* Problem to work on
Once the lines below holding the string "open" are counted, give that number alone.

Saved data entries
>>>
(* Let $(\mathcal J_1,\mathcal J_2,\mathcal J_3)$ be a generalized almost hypercomplex structure and $D$ a generalized connection on a Courant algebroid $E$ with $D\mathcal J_1=0$. Define $D^{(1)}_u:=D_u-\frac12\mathcal J_2(D_u\mathcal J_2)$ and $\tilde D:=D^{(1)}-\frac16\tilde\pi(T^{D^{(1)}})$, where $\tilde\pi:\Lambda^3E^*\to E^*\otimes\Lambda^2E^*$ is $(\tilde\pi\alpha)(u,v,w)=\alpha(u,v,w)+\sum_{i=1}^3\alpha(u,\mathcal J_iv,\mathcal J_iw)$ and, for $\eta\in E^*\otimes\Lambda^2E^*$, $D^{(1)}+\eta$ means $\langle(D^{(1)}+\eta)_uv,w\rangle=\langle D^{(1)}_uv,w\rangle+\eta(u,v,w)$. Then $D^{(1)}$ and $\tilde D$ are generalized connections preserving each $\mathcal J_i$, $i=1,2,3$, and $$T^{\tilde D}(u,v,w)=\tfrac16\sum_{i=1}^3N_{\mathcal J_i}(u,v,w).$$ In particular, if $(\mathcal J_1,\mathcal J_2,\mathcal J_3)$ is a generalized hypercomplex structure, then $\tilde D$ is torsion-free (and hypercomplex).
   Context: A Courant algebroid on $M$ is a real vector bundle $E\to M$ with nondegenerate symmetric bilinear form $\langle\cdot,\cdot\rangle$, an $\mathbb R$-bilinear bracket $[\cdot,\cdot]$ on $\Gamma(E)$ and bundle map $\pi:E\to TM$ such that for $u,v,w\in\Gamma(E)$, $f\in C^\infty(M)$: $[u,[v,w]]=[[u,v],w]+[v,[u,w]]$; $\pi([u,v])=[\pi(u),\pi(v)]$; $[u,fv]=\pi(u)(f)v+f[u,v]$; $\pi(u)\langle v,w\rangle=\langle[u,v],w\rangle+\langle v,[u,w]\rangle$; $2\langle[u,u],v\rangle=\pi(v)\langle u,u\rangle$. A generalized connection is an $\mathbb R$-linear $D:\Gamma(E)\to\Gamma(E^*\otimes E)$ with $D_u(fv)=\pi(u)(f)v+fD_uv$ and $\pi(u)\langle v,w\rangle=\langle D_uv,w\rangle+\langle v,D_uw\rangle$; its torsion $T^D(u,v)=D_uv-D_vu-[u,v]+(Du)^*v$ ($(Du)^*$ adjoint of $w\mapsto D_wu$) is viewed as the 3-form $T^D(u,v,w)=\langle T^D(u,v),w\rangle$. A generalized almost complex structure is a $\langle\cdot,\cdot\rangle$-orthogonal $\mathcal J$ with $\mathcal J^2=-\mathrm{Id}$; $N_{\mathcal J}(u,v)=[\mathcal Ju,\mathcal Jv]-[u,v]-\mathcal J([\mathcal Ju,v]+[u,\mathcal Jv])$, viewed as the 3-form $\langle N_{\mathcal J}(u,v),w\rangle$. A generalized almost hypercomplex structure is a triple of pairwise anticommuting generalized almost complex structures with $\mathcal J_3=\mathcal J_1\mathcal J_2$; it is a generalized hypercomplex structure if every $N_{\mathcal J_i}=0$. *)

theory Defs
  imports Complex_Main
begin

text \<open>Sections of E form the type 's,
 smooth functions form the commutative real algebra 'f (containing the real
 constants via of_real); sm is the C-infinity-module action on sections,
 anc the anchor (anc u is the vector field pi(u) acting on functions),
 ip the fibrewise pairing and br the bracket.\<close>

definition module_action :: "('f::{comm_ring_1,real_algebra_1} \<Rightarrow> 's::real_vector \<Rightarrow> 's) \<Rightarrow> bool" where
  "module_action sm \<longleftrightarrow>
     (\<forall>f g u. sm (f * g) u = sm f (sm g u)) \<and> (\<forall>u. sm 1 u = u) \<and>
     (\<forall>f u v. sm f (u + v) = sm f u + sm f v) \<and>
     (\<forall>f g u. sm (f + g) u = sm f u + sm g u) \<and>
     (\<forall>c u. sm (of_real c) u = c *\<^sub>R u)"
(* In the finite-sum setting, run Algorithm LCSVRG with $\gamma,\beta$ such that $\beta\in(0,2\gamma-L_0)$ and $\tilde L:=\frac{2\gamma-\beta-L_0}{2}-\frac{L_0^2(T-1)}{2\beta b}>0$, with $b\ge2T$, and suppose there is $B>0$ with $\|\lambda^{k+1}\|\le B$ for all $k$ and all realizations, where $\lambda^{k+1}$ are Lagrange multipliers of the subproblems. Let $K=r_0T+j_0$ with $r_0\ge0$, $0\le j_0<T$, and let $\{\alpha_k\}$ be nonnegative, nondecreasing and constant on each epoch, i.e. $\alpha_{rT+j}=\alpha_{rT}$ for $j=1,\dots,T-1$. With $D=\sqrt{(\psi_0(x^0)-\psi_0^* )/L_0}$, $$\sum_{k=0}^K\alpha_k\mathbb{E}\|\partial_x\mathcal{L}(x^{k+1},\lambda^{k+1})\|_-^2\le8\tilde L^{-1}L_0(\gamma+L_0+B\|L\|)^2D^2\alpha_{r_0T},$$ $$\sum_{k=0}^K\alpha_k\mathbb{E}\langle\lambda^{k+1},|\psi(x^{k+1})-\eta|\rangle\le B\sum_{k=0}^K\alpha_k\|\eta-\eta^k\|+B\tilde L^{-1}\|L\|L_0D^2\alpha_{r_0T}.$$
   Context: Problem (P): minimize $\psi_0(x):=f_0(x)+\chi_0(x)$ over $x\in\mathbb{R}^d$ subject to $\psi_i(x):=f_i(x)+\chi_i(x)\le\eta_i$, $i\in[m]:=\{1,\dots,m\}$, with $\chi_0$ proper convex lsc, $\chi_i$ convex continuous on $\mathrm{dom}\,\chi_0$, $f_i$ with $L_i$-Lipschitz gradients ($i=0,\dots,m$), $L=(L_1,\dots,L_m)^\top$, finite optimal value $\psi_0^*$, and nonempty compact feasible set; $\psi=(\psi_1,\dots,\psi_m)^\top$; vector inequalities and $|\cdot|$ componentwise. Subdifferential $\partial\psi_i(x):=\nabla f_i(x)+\partial\chi_i(x)$; $\mathcal{L}(x,\lambda)=\psi_0(x)+\sum_i\lambda_i(\psi_i(x)-\eta_i)$, $\partial_x\mathcal{L}(x,\lambda)=\partial\psi_0(x)+\sum_i\lambda_i\partial\psi_i(x)$; $\|S\|_-:=\inf\{\|s\|:s\in S\}$. Finite-sum setting: $f_0(x)=\frac1n\sum_{j=1}^nF(x,\xi_j)$ where each $F(\cdot,\xi_j)$ has $L_0$-Lipschitz gradient. Algorithm LCSVRG: given $x^0\in\mathrm{dom}\,\chi_0$, $\eta^0$ with $\psi(x^0)<\eta^0<\eta$, epoch length $T$, batch size $b$, $\gamma>0$. At step $k$: if $k$ is a multiple of $T$, set $G^k=\nabla f_0(x^k)$; otherwise draw a mini-batch $B_k$ of $b$ indices independently and uniformly from $\{1,\dots,n\}$ and set $G^k=\frac1b\sum_{j\in B_k}[\nabla F(x^k,\xi_j)-\nabla F(x^{k-1},\xi_j)]+G^{k-1}$. Set $\psi_0^k(x)=\langle G^k,x\rangle+\frac{\gamma}{2}\|x-x^k\|^2+\chi_0(x)$, $\psi_i^k(x)=f_i(x^k)+\langle\nabla f_i(x^k),x-x^k\rangle+\frac{L_i}{2}\|x-x^k\|^2+\chi_i(x)$ ($i\in[m]$), let $x^{k+1}$ minimize $\psi_0^k$ subject to $\psi_i^k(x)\le\eta_i^k$, $i\in[m]$, and set $\eta^{k+1}=\eta^k+\delta^k$ with $\delta^k>0$, $\eta^{k+1}<\eta$. A Lagrange multiplier $\lambda^{k+1}\in\mathbb{R}^m_+$ satisfies $0\in\partial\psi_0^k(x^{k+1})+\sum_i\lambda_i^{k+1}\partial\psi_i^k(x^{k+1})$ and $\lambda_i^{k+1}(\psi_i^k(x^{k+1})-\eta_i^k)=0$. *)

theory Defs
  imports "HOL-Analysis.Analysis" "HOL-Probability.Probability"
begin

definition edom :: "('a \<Rightarrow> ereal) \<Rightarrow> 'a set" where
  "edom h = {x. h x < \<infinity>}"

definition proper_fun :: "('a \<Rightarrow> ereal) \<Rightarrow> bool" where
  "proper_fun h \<longleftrightarrow> (\<forall>x. h x \<noteq> -\<infinity>) \<and> (\<exists>x. h x < \<infinity>)"

definition econvex :: "('a::real_vector \<Rightarrow> ereal) \<Rightarrow> bool" where
  "econvex h \<longleftrightarrow> (\<forall>x y (t::real). 0 < t \<and> t < 1 \<longrightarrow>
      h ((1 - t) *\<^sub>R x + t *\<^sub>R y) \<le> ereal (1 - t) * h x + ereal t * h y)"

definition elsc :: "('a::topological_space \<Rightarrow> ereal) \<Rightarrow> bool" where
  "elsc h \<longleftrightarrow> (\<forall>x. h x \<le> Liminf (at x) h)"

definition csubdiff :: "('a::real_inner \<Rightarrow> ereal) \<Rightarrow> 'a \<Rightarrow> 'a set" where
  "csubdiff h x = {s. h x < \<infinity> \<and> (\<forall>y. h x + ereal (s \<bullet> (y - x)) \<le> h y)}"

text \<open>Subdifferential of a composite function: gradient of the smooth part plus
  convex subdifferential of the nonsmooth part.\<close>
definition comp_subdiff :: "'a::real_inner \<Rightarrow> ('a \<Rightarrow> ereal) \<Rightarrow> 'a \<Rightarrow> 'a set" where
  "comp_subdiff g h x = (\<lambda>s. g + s) ` csubdiff h x"

definition lag_set :: "nat \<Rightarrow> 'a::real_vector set \<Rightarrow> (nat \<Rightarrow> 'a set) \<Rightarrow> (nat \<Rightarrow> real) \<Rightarrow> 'a set" where
  "lag_set m S0 S lam = {g0 + (\<Sum>i\<in>{1..m}. lam i *\<^sub>R g i) | g0 g. g0 \<in> S0 \<and> (\<forall>i\<in>{1..m}. g i \<in> S i)}"

definition norm_minus :: "'a::real_normed_vector set \<Rightarrow> real" where
  "norm_minus S = Inf (norm ` S)"

definition batches :: "nat \<Rightarrow> nat \<Rightarrow> nat list set" where
  "batches n b = {xs. length xs = b \<and> set xs \<subseteq> {..<n}}"

text \<open>Distribution of the batch sequence for steps 0..K: i.i.d. uniform batches
  (each batch = b independent uniform indices); components beyond K are fixed.\<close>
definition batch_pmf :: "nat \<Rightarrow> nat \<Rightarrow> nat \<Rightarrow> (nat \<Rightarrow> nat list) pmf" where
  "batch_pmf n b K = Pi_pmf {..K} (replicate b 0) (\<lambda>_. pmf_of_set (batches n b))"

definition lcsvrg_obj :: "'a::real_inner \<Rightarrow> real \<Rightarrow> 'a \<Rightarrow> ('a \<Rightarrow> ereal) \<Rightarrow> 'a \<Rightarrow> ereal" where
  "lcsvrg_obj Gk \<gamma> xk chi0 y = ereal (Gk \<bullet> y + \<gamma> / 2 * (norm (y - xk))\<^sup>2) + chi0 y"

definition lcsvrg_con :: "(nat \<Rightarrow> 'a::real_inner \<Rightarrow> real) \<Rightarrow> (nat \<Rightarrow> 'a \<Rightarrow> 'a) \<Rightarrow> (nat \<Rightarrow> real)
    \<Rightarrow> (nat \<Rightarrow> 'a \<Rightarrow> ereal) \<Rightarrow> 'a \<Rightarrow> nat \<Rightarrow> 'a \<Rightarrow> ereal" where
  "lcsvrg_con f gf Lc chi xk i y =
     ereal (f i xk + gf i xk \<bullet> (y - xk) + Lc i / 2 * (norm (y - xk))\<^sup>2) + chi i y"

definition is_constr_min :: "nat \<Rightarrow> ('a \<Rightarrow> ereal) \<Rightarrow> (nat \<Rightarrow> 'a \<Rightarrow> ereal) \<Rightarrow> (nat \<Rightarrow> real) \<Rightarrow> 'a \<Rightarrow> bool" where
  "is_constr_min m obj con eta y \<longleftrightarrow>
     (\<forall>i\<in>{1..m}. con i y \<le> ereal (eta i)) \<and>
     (\<forall>z. (\<forall>i\<in>{1..m}. con i z \<le> ereal (eta i)) \<longrightarrow> obj y \<le> obj z)"

end

theory Submission
  imports Defs
begin
text \<open>Adding \<open>0 \<in> D\<close> to \<open>z \<in> Z\<close> gives \<open>z = d + p\<^sub>0 e\<close> with \<open>e \<in> \<Delta>\<close> by (i); as \<open>z + p\<^sub>0\<close> is a
  digit as well, uniqueness of residues forces \<open>e = -1\<close>.\<close>
lemma one_in_Delta_if: "z \<in> Z \<Longrightarrow> z + coeff p 0 \<in> D \<Longrightarrow> 1 \<in> \<Delta>"
proof -
  assume z: "z \<in> Z" and d: "z + coeff p 0 \<in> D"
  have "z + 0 \<in> {z + d | z d. z \<in> Z \<and> d \<in> D}" using z zero_in_D by blast
  then obtain d e where "d \<in> D" and e: "e \<in> \<Delta>" and eq: "z + 0 = d + coeff p 0 * e"
    using Z_plus_D by blast
  have "1 + e \<in> order_set \<omega>"
    using e one_in_D D_subset_order_set Delta_set_subset_order_set by (blast intro: order_set_add)
  then have "z + coeff p 0 = d"
    using residue_unique[of "z + coeff p 0" "z + coeff p 0" d 0 "1 + e"] d \<open>d \<in> D\<close> eq
      D_subset_order_set zero_in_order_set by (auto simp: algebra_simps)
  then have "coeff p 0 * (1 + e) = 0" using eq by (simp add: algebra_simps)
  then have "e = -1" using coeff_0_nonzero by (simp add: add_eq_0_iff)
  then show ?thesis using uminus_in_Delta_set[OF e] by simp
qed

lemma digit_rep_carry_step:
  assumes "digit_rep (order_set \<omega>) p D (carry_poly p (case_nat (- e) \<delta>))"
    "coeff (carry_poly p \<delta>) 0 = d + coeff p 0 * e" "d \<in> D" "e \<in> order_set \<omega>"
  shows "digit_rep (order_set \<omega>) p D (carry_poly p \<delta>)"
proof -
  have "carry_poly p \<delta> = pCons d (carry_poly p (case_nat (- e) \<delta>)) + smult e p"
    by (subst carry_poly_pCons[OF degree_pos, of \<delta> e]) (simp add: assms(2))
  then show ?thesis using digit_rep_pCons_smult[OF assms(3,4,1)] by simp
qed

lemma digit_rep_binary_carry:
  assumes "\<forall>k<degree p. \<delta> k \<in> {0, 1}" "\<forall>k<degree p - j. \<delta> k = 0"
  shows "digit_rep (order_set \<omega>) p D (carry_poly p \<delta>)"
  using assms
proof (induction j arbitrary: \<delta>)
  case 0
  then have "carry_poly p \<delta> = 0" by (simp add: carry_poly_def)
  then show ?case using digit_rep_digit_sum[of 0] by simp
next
  case (Suc j)
  have "digit_rep (order_set \<omega>) p D (carry_poly p (case_nat (- 0) \<delta>))"
    using Suc.prems by (intro Suc.IH) (auto split: nat.split)
  moreover have "coeff (carry_poly p \<delta>) 0 \<in> D" using Suc.prems(1) by (rule binary_carry_constant_in_D)
  ultimately show ?case
    using digit_rep_carry_step[of 0 \<delta> "coeff (carry_poly p \<delta>) 0"] zero_in_order_set[of \<omega>] by simp
qed

text \<open>By (ii) every reduction step shifts in a carry \<open>0\<close> or \<open>1\<close>, so after \<open>deg p\<close> steps
  all carries are binary.\<close>
lemma digit_rep_carry:
  assumes "\<forall>k. \<delta> k \<in> \<Delta>" "\<forall>k<degree p - j. \<delta> k \<in> {0, 1}"
  shows "digit_rep (order_set \<omega>) p D (carry_poly p \<delta>)"
  using assms
proof (induction j arbitrary: \<delta>)
  case 0
  then show ?case using digit_rep_binary_carry[of \<delta> "degree p"] by simp
next
  case (Suc j)
  let ?z = "coeff (carry_poly p \<delta>) 0"
  have z: "?z \<in> Z" using Suc.prems(1) by (rule carry_constant_in_Z)
  obtain d e where d: "d \<in> D" and eq: "?z = d + coeff p 0 * e" and e: "e \<in> {0, -1}" "- e \<in> \<Delta>"
  proof (cases "?z \<in> D")
    case True
    then show thesis using that[of ?z 0] zero_in_Delta by simp
  next
    case False
    then obtain d where "d \<in> D" "?z = d - coeff p 0" using z Z_subset by blast
    moreover from this have "1 \<in> \<Delta>" using one_in_Delta_if z by simp
    ultimately show thesis using that[of d "-1"] by simp
  qed
  have "digit_rep (order_set \<omega>) p D (carry_poly p (case_nat (- e) \<delta>))"
    using Suc.prems e by (intro Suc.IH) (auto split: nat.split)
  moreover have "e \<in> order_set \<omega>"
    using uminus_in_Delta_set[OF e(2)] Delta_set_subset_order_set by auto
  ultimately show ?case by (rule digit_rep_carry_step[OF _ eq d])
qed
<<<
* Answer to the exercise
7